1907 - Otto Julius Bierbaum
In Jaffa [Tel Aviv]
Nach Jaffa ging die Fahrt, dem Pilgerhafen, wo schon die Kreuzfahrer erfuhren, daß man viele hundert Meilen lang ungefährdet übers Meer fahren und ein paar hundert Schritte von der Küste entfernt ersaufen kann. Denn die klippenreiche Reede von Jaffa ist voller Tücken. Auf der hohen See mag sich kein Wellchen regen, aber das Wasser zwischen den sicht- und unsichtbaren Klippen hier geht immer stürzend hoch. Die Sache ist so lebensgefährlich, daß die Hafenpolizei zuweilen das Ausbooten verbietet.
Wir hatten Glück und durften nach genossenem Lunch etwa um 1 Uhr hinüber. Da wir warteten, kamen wir ins letzte und größte Boot, einen breiten, flachen Kahn mit sechs Ruderern. Ein Neger hob meine Frau wie eine Hutschachtel hoch, setzte sie aber nicht sanft wie eine Hutschachtel, sondern fest wie einen Ballen Baumwolle auf die Bank. Sie wollte »Danke« sagen, es kam aber nur ein »Au!« zustande. Mit mir gedachte er gleiches zu tun, doch umschlang ich ihn so innig, daß es in meinem Belieben stand, mich niederzusetzen, wie ich wollte. Wie gern hätte sich meine Frau des Anblicks dieser Verbrüderung erfreut, aber ihre Abneigung gegen heftig bewegtes Wasser ließ es zu keiner ungemischten Freude kommen. Der Seekrankheit allein ist schon kein Humor gewachsen; tritt aber Todesangst hinzu, so vergeht das Lachen auch der souveränsten Frivolität. Selbst ich, den Wellen gegenüber von heroischer Gleichmütigkeit, fand diese Kahnpartie etwas bänglich, obwohl unsere sechs Ruderer mit großem Geschick Wellenwoge und Wellental berechneten und herzhaft dazu sangen. Und als wir uns gar den Klippen näherten, die wie Raffzähne auf uns zu lauern schienen, da dachte ich in meinem lieben Herzen: Absolut ausgeschlossen ist es nicht, daß du hier ersäufst. Und just jetzt legte der Neger seine Ruder bei, erhob sich und fing an, in dem unangenehm schunkelnden Kahn umherzuspazieren und jeden einzelnen Passagier um Bakschisch zu ersuchen. Welch ein Psychologe! Seine Seelenkenntnis machte sich gut bezahlt, und er hatte alle Ursache zu dem befriedigten Grinsen, mit dem er sich wieder an die Ruder setzte.

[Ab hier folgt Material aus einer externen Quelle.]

definition cpoly :: "complex \<Rightarrow> complex" where
  "cpoly s = s ^ 8 - (2 - 2 * \<i>) * s ^ 7 - (6 + 2 * \<i>) * s ^ 6 + (10 + 2 * \<i>) * s ^ 5 + 4 * \<i> * s ^ 4
             + (10 - 2 * \<i>) * s ^ 3 + (6 - 2 * \<i>) * s ^ 2 - (2 + 2 * \<i>) * s - 1"

definition dpoly :: "complex \<Rightarrow> complex" where
  "dpoly s = s ^ 6 - (3 + 3 * \<i>) * s ^ 5 + 3 * \<i> * s ^ 4 + (4 - 4 * \<i>) * s ^ 3 + 3 * s ^ 2 + (3 + 3 * \<i>) * s + \<i>"

definition yden :: "complex \<Rightarrow> complex" where
  "yden s = 4 * s * (s ^ 2 + \<i>) * (s ^ 2 - \<i>) ^ 2 * (s ^ 2 + (1 + \<i>) * s - \<i>) * dpoly s"

definition yfun :: "complex \<Rightarrow> complex" where
  "yfun s = - ((1 + \<i>) * (s ^ 2 - 1) * (s ^ 2 + 2 * \<i> * s + 1) * (s ^ 2 - 2 * \<i> * s + 1) ^ 2  *  cpoly s) / yden s"

definition tden :: "complex \<Rightarrow> complex" where
  "tden s = 32 * s ^ 2 * (s ^ 4 + 1) ^ 3"

definition tfun :: "complex \<Rightarrow> complex" where
  "tfun s = (s ^ 2 - 1) ^ 2 * (s ^ 4 + 6 * s ^ 2 + 1) ^ 3 / tden s"

end

theory Submission
  imports Defs
begin

(* P_VI is the Hamiltonian system of Okamoto,
     t (t - 1) dq/dt =  dH/dp,   t (t - 1) dp/dt = - dH/dq,
   with H = q(q-1)(q-t) p^2 - (th1 (q-1)(q-t) + th3 q (q-t) + (th2 - 1) q (q-1)) p + kappa (q - t)
   and kappa = ((th1 + th2 + th3 - 1)^2 - (th4 - 1)^2) / 4: differentiating the first equation
   once more along the flow and eliminating p gives P_VI, for all parameters.  For the given curve
   the momentum p is an explicit rational function of s, and both Hamilton equations, written with
   d/ds = t'(s) d/dt, become rational identities in s.  These are checked after writing t, t - 1,
   y, y - 1, y - t, p and the s-derivatives of t, y, p as products of a few common factors, which
   cancel, leaving polynomial identities of moderate degree between those factors. *)

lemma DERIV_divide_eqI:
  assumes "(f has_field_derivative f') (at x)" "(g has_field_derivative g') (at x)" "g x \<noteq> 0"
    and "f' * g x - f x * g' = h"
  shows "((\<lambda>x. f x / g x) has_field_derivative h / (g x)^2) (at x)"
  using DERIV_divide[OF assms(1-3)] assms(4) by (simp add: power2_eq_square)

Unnötig zu sagen, daß wir hinüber kamen; sonst könnte niemand das hier Geschriebene lesen. Daraufhin Wanderung zu den Wagen durch ein paar Straßen Jaffas. Es mußte hier geregnet haben, denn wir schritten durch Moräste. Aber der Schlamm war belebt von viel Volk. Kramladen an Kramladen; Handwerkerbuden; Schreibertische. Auf einem erhöhten Stein lag ein halbnackter, schöner junger Kerl und schlief. Die entblößte Brust hob und senkte sich ruhig. Ich hatte die Empfindung, dieser junge Mensch müsse den Schlaf mit einem bewußten Genuß genießen, der uns leider versagt ist.
Unnötigerweise mußten Wagen bestiegen werden, um den nahen Bahnhof in wahnwitziger Galoppade zu erreichen. Dort wurden die riesigen, kernlosen Jaffaorangen zu äußerst niedrigen Preisen feilgeboten. Diese Früchte scheinen hier so viel wie gar nichts zu kosten, wenn man sie schon den Fremden halb verschenkt. Wir begriffen das, als wir an den Orangengärten vorbeifuhren, die in unglaublicher Üppigkeit mit den gelben Bällen behangen waren. Zuweilen lagen die Früchte haufenweise am Boden. Auch gab es riesige alte Ölbäume zu sehen und überhaupt eine Fruchtbarkeit von äußerster Fülle. Dazu viele Blumen von intensivster Färbung.